(Stored data)
= = = = = = =
(* Let $A\in\mathbb{R}^{d\times d}$, $B\in\mathbb{R}^{d\times n}$, $C\in\mathbb{R}^{n\times d}$, $D\in\mathbb{R}^{n\times n}$ with every eigenvalue of $A$ in the closed left half-plane, and let $H(\xi)=D+C(\xi I-A)^{-1}B$. Let $X\in\mathbb{R}^{d\times d}$ be symmetric and let $L,W$ be real matrices (with the same number of rows) satisfying $-A^TX-XA=L^TL$, $C-B^TX=W^TL$ and $D+D^T=W^TW$. Let $$Z(\xi)=W+L(\xi I-A)^{-1}B,\qquad Y(\xi)=\begin{bmatrix}\xi I-A & -B\\ L & W\end{bmatrix}.$$ Then $Z^\star Z=H+H^\star$, and $Z$ is a spectral factor of $H+H^\star$ if and only if $Y(\lambda)$ has full row rank for all $\lambda\in\mathbb{C}$ with $\mathrm{Re}(\lambda)>0$.
   Context: For a real rational matrix $G$, $G^\star(\xi):=G(-\xi)^T$. If $Z\in\mathbb{R}^{r\times n}(\xi)$ and $F=Z^\star Z$, $Z$ is called a spectral factor of $F$ if $Z$ is analytic in the open right half-plane and $Z(\lambda)$ has full row rank for every $\lambda$ in the open right half-plane. *)

theory Defs
  imports "HOL-Analysis.Analysis"
begin

definition cmat :: "real^'n^'m \<Rightarrow> complex^'n^'m" where
  "cmat M = (\<chi> i j. complex_of_real (M $ i $ j))"

definition is_ceigenvalue :: "real^'n^'n \<Rightarrow> complex \<Rightarrow> bool" where
  "is_ceigenvalue A s \<longleftrightarrow> (\<exists>v. v \<noteq> 0 \<and> cmat A *v v = s *s v)"

text \<open>The rational matrix D + C (xi I - A)^-1 B, as a function on complex numbers
  (junk values at the finitely many eigenvalues of A).\<close>
definition ratmat :: "real^'d^'d \<Rightarrow> real^'n^'d \<Rightarrow> real^'d^'r \<Rightarrow> real^'n^'r
    \<Rightarrow> complex \<Rightarrow> complex^'n^'r" where
  "ratmat A B C D \<xi> = cmat D + cmat C ** matrix_inv (mat \<xi> - cmat A) ** cmat B"

definition para_adj :: "(complex \<Rightarrow> complex^'n^'m) \<Rightarrow> complex \<Rightarrow> complex^'m^'n" where
  "para_adj G \<xi> = transpose (G (- \<xi>))"

text \<open>Equality of rational matrices: the representing functions agree up to finitely
  many points (poles).\<close>
definition rat_eq :: "(complex \<Rightarrow> complex^'n^'m) \<Rightarrow> (complex \<Rightarrow> complex^'n^'m) \<Rightarrow> bool" where
  "rat_eq F G \<longleftrightarrow> finite {\<xi>. F \<xi> \<noteq> G \<xi>}"

definition RHP :: "complex set" where
  "RHP = {s. Re s > 0}"

definition spectral_factor :: "(complex \<Rightarrow> complex^'n^'r) \<Rightarrow> (complex \<Rightarrow> complex^'n^'n) \<Rightarrow> bool" where
  "spectral_factor Z F \<longleftrightarrow>
     rat_eq (\<lambda>\<xi>. para_adj Z \<xi> ** Z \<xi>) F \<and>
     (\<forall>i j. (\<lambda>\<xi>. Z \<xi> $ i $ j) analytic_on RHP) \<and>
     (\<forall>s\<in>RHP. rank (Z s) = CARD('r))"

text \<open>The block matrix Y(xi) = [xi I - A, -B; L, W].\<close>
definition Ymat :: "real^'d^'d \<Rightarrow> real^'n^'d \<Rightarrow> real^'d^'r \<Rightarrow> real^'n^'r
    \<Rightarrow> complex \<Rightarrow> complex^('d + 'n)^('d + 'r)" where
  "Ymat A B L W \<xi> = (\<chi> i j. case i of
       Inl a \<Rightarrow> (case j of Inl b \<Rightarrow> (mat \<xi> - cmat A) $ a $ b | Inr c \<Rightarrow> - (cmat B $ a $ c))
     | Inr p \<Rightarrow> (case j of Inl b \<Rightarrow> cmat L $ p $ b | Inr c \<Rightarrow> cmat W $ p $ c))"

end

theory Submission
  imports Defs "HOL-Computational_Algebra.Polynomial"
begin

text \<open>Write \<open>R(\<xi>) = (\<xi>I - A)\<inverse>\<close>. Shifting the Lyapunov equation by \<open>\<plusminus>\<xi>\<close> gives
  \<open>L\<^sup>TL = (-\<xi>I - A\<^sup>T)X + X(\<xi>I - A)\<close>, hence \<open>R(-\<xi>)\<^sup>T L\<^sup>TL R(\<xi>) = X R(\<xi>) + R(-\<xi>)\<^sup>T X\<close>;
  together with \<open>W\<^sup>TL = C - B\<^sup>TX\<close> and \<open>W\<^sup>TW = D + D\<^sup>T\<close> this expands \<open>Z\<^sup>\<star>Z\<close> into \<open>H + H\<^sup>\<star>\<close>
  whenever \<open>\<xi>\<close> and \<open>-\<xi>\<close> avoid the finitely many eigenvalues of \<open>A\<close>.

  By stability \<open>\<lambda>I - A\<close> is invertible in the open right half-plane, so there \<open>Z\<close> is analytic
  (Cramer's rule) and \<open>Z(\<lambda>)\<close> is the Schur complement of \<open>\<lambda>I - A\<close> in \<open>Y(\<lambda>)\<close>: a left null
  vector \<open>(u, w)\<close> of \<open>Y(\<lambda>)\<close> has \<open>u = -w L R(\<lambda>)\<close>, and then \<open>w\<close> is a left null vector of
  \<open>Z(\<lambda>)\<close>.\<close>

lemma matrix_add_rdistrib: "((A::'a::semiring_1^'n^'m) + B) ** C = A ** C + B ** C"
  by (simp add: matrix_matrix_mult_def vec_eq_iff distrib_right sum.distrib)

lemma matrix_diff_ldistrib: "(A::'a::ring_1^'n^'m) ** (B - C) = A ** B - A ** C"
  by (simp add: matrix_matrix_mult_def vec_eq_iff right_diff_distrib sum_subtractf)

lemma matrix_diff_rdistrib: "((A::'a::ring_1^'n^'m) - B) ** C = A ** C - B ** C"
  by (simp add: matrix_matrix_mult_def vec_eq_iff left_diff_distrib sum_subtractf)

lemma matrix_neg_mult: "(- (A::'a::ring_1^'n^'m)) ** B = - (A ** B)"
  by (simp add: matrix_matrix_mult_def vec_eq_iff sum_negf)

lemma matrix_mult_neg: "(A::'a::ring_1^'n^'m) ** (- B) = - (A ** B)"
  by (simp add: matrix_matrix_mult_def vec_eq_iff sum_negf)

lemmas matrix_ring_simps =
  matrix_add_ldistrib matrix_add_rdistrib matrix_diff_ldistrib matrix_diff_rdistrib
  matrix_neg_mult matrix_mult_neg matrix_mul_assoc

lemma transpose_add: "transpose (A + B) = transpose A + transpose (B::'a::semiring_1^'n^'m)"
  by (simp add: transpose_def vec_eq_iff)

lemma transpose_diff: "transpose (A - B) = transpose A - transpose (B::'a::ring_1^'n^'m)"
  by (simp add: transpose_def vec_eq_iff)

lemma mat_uminus: "mat (- c) = - mat (c::'a::ring_1)"
  by (simp add: mat_def vec_eq_iff)

lemma mat_mult_commute: "mat c ** X = X ** mat (c::'a::comm_semiring_1)"
  by (simp add: vec_eq_iff matrix_matrix_mult_def mat_def if_distrib if_distribR mult.commute
      cong: if_cong)

lemma matrix_vector_mult_mat: "mat c *v x = c *s (x::'a::semiring_1^'n)"
  by (simp add: vec_eq_iff matrix_vector_mult_def mat_def if_distrib if_distribR cong: if_cong)

lemma vector_matrix_mult_uminus: "(- x) v* (A::'a::ring_1^'n^'m) = - (x v* A)"
  by (simp add: vec_eq_iff vector_matrix_mult_def sum_negf)

lemma row_eq_axis_vector_matrix_mult: "row i M = axis i (1::'a::comm_semiring_1) v* M"
  by (simp add: vec_eq_iff vector_matrix_mult_def axis_def row_def if_distrib if_distribR
      cong: if_cong)

lemma cmat_mult: "cmat (X ** Y) = cmat X ** cmat Y"
  by (simp add: cmat_def matrix_matrix_mult_def vec_eq_iff)

lemma cmat_transpose: "cmat (transpose X) = transpose (cmat X)"
  by (simp add: cmat_def transpose_def vec_eq_iff)

lemma cmat_add: "cmat (X + Y) = cmat X + cmat Y"
  by (simp add: cmat_def vec_eq_iff)

lemma cmat_diff: "cmat (X - Y) = cmat X - cmat Y"
  by (simp add: cmat_def vec_eq_iff)

lemma cmat_uminus: "cmat (- X) = - cmat X"
  by (simp add: cmat_def vec_eq_iff)

lemmas cmat_hom = cmat_mult cmat_transpose cmat_add cmat_diff cmat_uminus

lemma rank_eq_nrows_iff_left_kernel:
  fixes M :: "'a::field^'n^'m"
  shows "rank M = CARD('m) \<longleftrightarrow> (\<forall>y. y v* M = 0 \<longrightarrow> y = 0)"
proof -
  let ?f = "\<lambda>y. y v* M"
  have "?f = (*v) (transpose M)"
    by (simp add: fun_eq_iff)
  then have lin: "Vector_Spaces.linear (*s) (*s) ?f"
    using matrix_vector_mul_linear_gen[of "transpose M"] by simp
  have rows: "rows M = ?f ` cart_basis"
    by (auto simp: rows_def cart_basis_def row_eq_axis_vector_matrix_mult)
  have "rank M = CARD('m) \<longleftrightarrow> inj ?f"
  proof
    assume "inj ?f"
    then show "rank M = CARD('m)"
      unfolding row_rank_def_gen rows
      using vec.dim_image_eq[OF lin, of cart_basis]
      by (simp add: vec.dim_eq_card_independent independent_cart_basis card_cart_basis)
  next
    assume rk: "rank M = CARD('m)"
    have "card (?f ` cart_basis) \<le> CARD('m)"
      by (metis card_cart_basis card_image_le finite_cart_basis)
    then have ind: "vec.independent (?f ` cart_basis)"
      using rk unfolding row_rank_def_gen rows
      by (intro vec.card_le_dim_spanning[OF order_refl vec.span_superset])
        (auto simp: finite_cart_basis)
    then have "card (?f ` cart_basis) = CARD('m)"
      using rk unfolding row_rank_def_gen rows by (simp add: vec.dim_eq_card_independent)
    then have "inj_on ?f cart_basis"
      by (simp add: inj_on_iff_eq_card finite_cart_basis card_cart_basis)
    then show "inj ?f"
      using vec.linear_inj_on_span_iff_independent_image[OF lin ind] span_cart_basis by simp
  qed
  also have "\<dots> \<longleftrightarrow> (\<forall>y. ?f y = 0 \<longrightarrow> y = 0)"
    using vec.linear_inj_iff_eq_0[OF lin] by blast
  finally show ?thesis .
qed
= = = = = = =
_Action item:_ Find "using vec.dim_image_eq[OF lin, of" in the records above. Repeat its line and every later line exactly, through the last one.

_Expected answer:_
      using vec.dim_image_eq[OF lin, of cart_basis]
      by (simp add: vec.dim_eq_card_independent independent_cart_basis card_cart_basis)
  next
    assume rk: "rank M = CARD('m)"
    have "card (?f ` cart_basis) \<le> CARD('m)"
      by (metis card_cart_basis card_image_le finite_cart_basis)
    then have ind: "vec.independent (?f ` cart_basis)"
      using rk unfolding row_rank_def_gen rows
      by (intro vec.card_le_dim_spanning[OF order_refl vec.span_superset])
        (auto simp: finite_cart_basis)
    then have "card (?f ` cart_basis) = CARD('m)"
      using rk unfolding row_rank_def_gen rows by (simp add: vec.dim_eq_card_independent)
    then have "inj_on ?f cart_basis"
      by (simp add: inj_on_iff_eq_card finite_cart_basis card_cart_basis)
    then show "inj ?f"
      using vec.linear_inj_on_span_iff_independent_image[OF lin ind] span_cart_basis by simp
  qed
  also have "\<dots> \<longleftrightarrow> (\<forall>y. ?f y = 0 \<longrightarrow> y = 0)"
    using vec.linear_inj_iff_eq_0[OF lin] by blast
  finally show ?thesis .
qed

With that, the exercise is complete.